On December 13 and 14, 2002, the Committee on Applied and Theoretical Statistics of the National Research Council conducted a two-day workshop that explored methods for the analysis of streams of data so as to stimulate further progress in this field. To encourage cross-fertilization of ideas, the workshop brought together a wide range of researchers who are dealing with massive data streams in different contexts. The presentations focused on five major areas of research: atmospheric and meteorological data, high-energy physics, integrated data systems, network traffic, and mining commercial streams of data.
The workshop was organized to allow researchers from different disciplines to share their perspectives on how to use statistical methods to analyze massive streams of data, so as to stimulate cross-fertilization of ideas and further progress in this field. The meeting focused on situations in which researchers are faced with massive amounts of data arriving continually, making it necessary to perform very frequent analyses or reanalyses on the constantly arriving data. Often there is so much data that only a short time window’s worth may be economically stored, necessitating summarization strategies.
The overall goals of this CD report are to improve communication among various communities working on problems associated with massive data streams and to increase relevant activity within the statistical sciences community.

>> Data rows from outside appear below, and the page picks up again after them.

(*
  The proof works with the multiset of leaf depths and Kraft's equality
  \<Sum> 2^(D - depth) = 2^D.  If the leaves of a tree lie in the window {j, j+1, j+2},
  with x, y, z leaves at the three levels, Kraft's equality reads 4x + 2y + z = 2^(j+2)
  and N = x + y + z.  Solving these two linear relations for x and y in terms of
  c = z/2 gives exactly the prescribed counts 2^M - N + c and 2N - 2^M - 3c with M = j + 1.

  Forward direction: a thin tree has such a window with 2^j < N \<le> 2^(j+2) (the perfect
  case N = 2^k uses the window {k-1, k, k+1}), and choosing \<sigma> by comparing N with
  2^(j+1) makes M = m - \<sigma> equal to j + 1.  Converse: for \<sigma> \<in> {0,1} the range
  c_min \<le> c \<le> c_max is equivalent to nonnegativity of the three counts, and any
  nonnegative solution of 2a + b + c = 2^M is realised by grafting small gadget trees
  onto a perfect tree of height M - 1.  The range/nonnegativity equivalence also turns
  the profile produced in the forward direction into a c inside the admissible range.
*)

theory Submission
  imports Defs "HOL-Library.Discrete_Functions"
begin

lemma leaf_depths_nonempty: "leaf_depths t \<noteq> []"
  by (induction t) auto

lemma kraft_equality:
  assumes "set (leaf_depths t) \<subseteq> {..D}"
  shows "(\<Sum>d\<leftarrow>leaf_depths t. (2::nat) ^ (D - d)) = 2 ^ D"
  using assms
proof (induction t arbitrary: D)
  case Leaf
  then show ?case by simp
next
  case (Node l r)
  obtain d where "d \<in> set (leaf_depths l)"
    using leaf_depths_nonempty[of l] by (cases "leaf_depths l") auto
  with Node.prems obtain D' where D: "D = Suc D'"
    by (cases D) auto
  have "(\<Sum>d\<leftarrow>leaf_depths l. (2::nat) ^ (D' - d)) = 2 ^ D'"
       "(\<Sum>d\<leftarrow>leaf_depths r. (2::nat) ^ (D' - d)) = 2 ^ D'"
    using Node.prems D by (auto intro!: Node.IH)
  then show ?case
    using D by (simp add: comp_def)
qed

lemma window_counts:
  assumes "set xs \<subseteq> {k..k+2}"
  shows "length xs = count_list xs k + count_list xs (k+1) + count_list xs (k+2)
       \<and> (\<Sum>d\<leftarrow>xs. (2::nat) ^ (k + 2 - d))
           = 4 * count_list xs k + 2 * count_list xs (k+1) + count_list xs (k+2)"
  using assms
proof (induction xs)
  case (Cons a xs)
  from Cons.prems consider "a = k" | "a = k + 1" | "a = k + 2"
    by fastforce
  then show ?case
    using Cons by cases auto
qed simp

lemma m_of_eq:
  assumes "2 ^ j < N" "N \<le> 2 ^ Suc j"
  shows "m_of N = int (Suc j)"
  using ceiling_log_nat_eq_if[of 2 j N] assms by (simp add: m_of_def)
(* Let $\alpha,n\in\mathbb{Q}$ with $n\neq0$. The elliptic curve $$E_{\alpha,-n^2}:\ y^2=x^3+\alpha x^2-n^2x$$ has no rational point of order $5$. *)

theory Defs
  imports Main "HOL.Rat"
begin

datatype ecpt = Inf | Pt rat rat

definition on_curve :: "rat \<Rightarrow> rat \<Rightarrow> ecpt \<Rightarrow> bool" where
  "on_curve a b P = (case P of Inf \<Rightarrow> True
      | Pt x y \<Rightarrow> y^2 = x^3 + a * x^2 + b * x)"

definition ec_add :: "rat \<Rightarrow> rat \<Rightarrow> ecpt \<Rightarrow> ecpt \<Rightarrow> ecpt" where
  "ec_add a b P Q = (case P of Inf \<Rightarrow> Q | Pt x1 y1 \<Rightarrow>
     (case Q of Inf \<Rightarrow> P | Pt x2 y2 \<Rightarrow>
       (if x1 = x2 \<and> y1 = - y2 then Inf
        else let l = (if x1 = x2 then (3 * x1^2 + 2 * a * x1 + b) / (2 * y1)
                      else (y2 - y1) / (x2 - x1));
                 x3 = l^2 - a - x1 - x2;
                 y3 = - (y1 + l * (x3 - x1))
             in Pt x3 y3)))"

fun ec_smul :: "rat \<Rightarrow> rat \<Rightarrow> nat \<Rightarrow> ecpt \<Rightarrow> ecpt" where
  "ec_smul a b 0 P = Inf"
| "ec_smul a b (Suc k) P = ec_add a b P (ec_smul a b k P)"

definition has_order :: "rat \<Rightarrow> rat \<Rightarrow> ecpt \<Rightarrow> nat \<Rightarrow> bool" where
  "has_order a b P k = (0 < k \<and> ec_smul a b k P = Inf \<and>
      (\<forall>j. 0 < j \<and> j < k \<longrightarrow> ec_smul a b j P \<noteq> Inf))"

end

theory Submission
  imports Defs "HOL-Computational_Algebra.Nth_Powers"
begin

text \<open>If P has order 5 then 4P = -P and 3P = -2P, so the abscissa z of 2P arises from the
abscissa x of P by the tangent construction and, symmetrically, x arises from z. On
y^2 = x (x^2 + \<alpha> x - n^2) the tangent construction sends x to ((x^2 + n^2) / (2y))^2, so x and z
are non-zero rational squares, and eliminating \<alpha> from the two tangent relations gives
x z (x + z)^2 = 5 (x z)^2 + 2 n^2 x z + n^4. Writing x z = p^2 this is a rational point with
p \<noteq> 0 on w^2 = 5 p^4 + 2 p^2 n^2 + n^4, and Fermat descent shows there is none: for a primitive
solution a is even, w^2 = (a^2 + c^2)^2 + 4 a^4 splits a^4 into coprime fourth powers, giving
u^4 = c^2 + u^2 v^2 + v^4 with a = u v and v even, and the same splitting applied to
(u^2 - v^2/2)^2 = c^2 + 20 (v/2)^4 produces a solution with a smaller first coordinate.\<close>

section \<open>Fermat descent for w^2 = 5 a^4 + 2 a^2 c^2 + c^4\<close>

lemma odd_square_eq_8_mult_plus_1: "odd (x::nat) \<Longrightarrow> \<exists>k. x^2 = 8*k + 1"
proof -
  assume "odd x"
  then obtain j where j: "x = 2*j + 1" by (metis oddE)
  obtain i where "j*(j+1) = 2*i" by (metis evenE even_mult_iff odd_even_add odd_one)
  hence "x^2 = 8*i + 1" by (simp add: j power2_eq_square algebra_simps)
  thus ?thesis ..
qed

lemma square_mod_16: "(x::nat)^2 mod 16 \<in> {0, 1, 4, 9}"
proof -
  have "x mod 16 < 16" by simp
  hence "x mod 16 \<in> {..<16}" by simp
  hence "(x mod 16)^2 mod 16 \<in> {0, 1, 4, 9}" by (auto simp: lessThan_nat_numeral)
  thus ?thesis by (simp add: power_mod)
qed

lemma square_mod_5: "(x::nat)^2 mod 5 \<in> {0, 1, 4}"
proof -
  have "x mod 5 < 5" by simp
  hence "x mod 5 \<in> {..<5}" by simp
  hence "(x mod 5)^2 mod 5 \<in> {0, 1, 4}" by (auto simp: lessThan_nat_numeral)
  thus ?thesis by (simp add: power_mod)
qed

lemma five_dvd_if_square_eq_add_twice_square:
  fixes u v m :: nat
  assumes "u^2 = m + 2*v^2" "5 dvd m"
  shows "5 dvd u \<and> 5 dvd v"
proof -
  have "u^2 mod 5 = 2*(v^2 mod 5) mod 5"
    using assms by (simp add: mod_add_eq[symmetric] mod_mult_right_eq)
  hence "5 dvd u^2 \<and> 5 dvd v^2" using square_mod_5[of u] square_mod_5[of v] by auto
  thus ?thesis using prime_dvd_power[of "5::nat"] by auto
qed

lemma square_eq_square_add_4_mult:
  fixes x y k :: nat
  assumes "x^2 = y^2 + 4*k"
  obtains d where "x = y + 2*d" "d*(y + d) = k"
proof -
  have "y^2 \<le> x^2" using assms by simp
  hence "y \<le> x" by (simp add: power2_nat_le_eq_le)
  then obtain e where e: "x = y + e" using le_Suc_ex by blast
  hence ek: "e*(2*y + e) = 4*k" using assms by (simp add: power2_eq_square algebra_simps)
  have "even (e*(2*y + e))" unfolding ek by simp
  then obtain d where d: "e = 2*d" by auto
  hence "4*(d*(y + d)) = 4*k" using ek by (simp add: algebra_simps)
  thus ?thesis using that e d by simp
qed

Included in this report are the agenda of the workshop, the full and unedited text of the workshop presentations, and biographical sketches of the speakers. The presentations represent independent research efforts on the part of academia, the private sector, federally funded laboratories, and government agencies, and as such they provide a sampling rather than a comprehensive examination of the range of research and research challenges posed by massive data streams. In addition to these proceedings, a set of more rigorous, technical papers corresponding to the workshop presentations has also been published separately as a 2003 special issue of the Journal of Computational and Graphical Statistics.
This proceedings represents the viewpoints of its authors only and should not be taken as a consensus report of the Board on Mathematical Sciences and Their Applications or the National Research Council.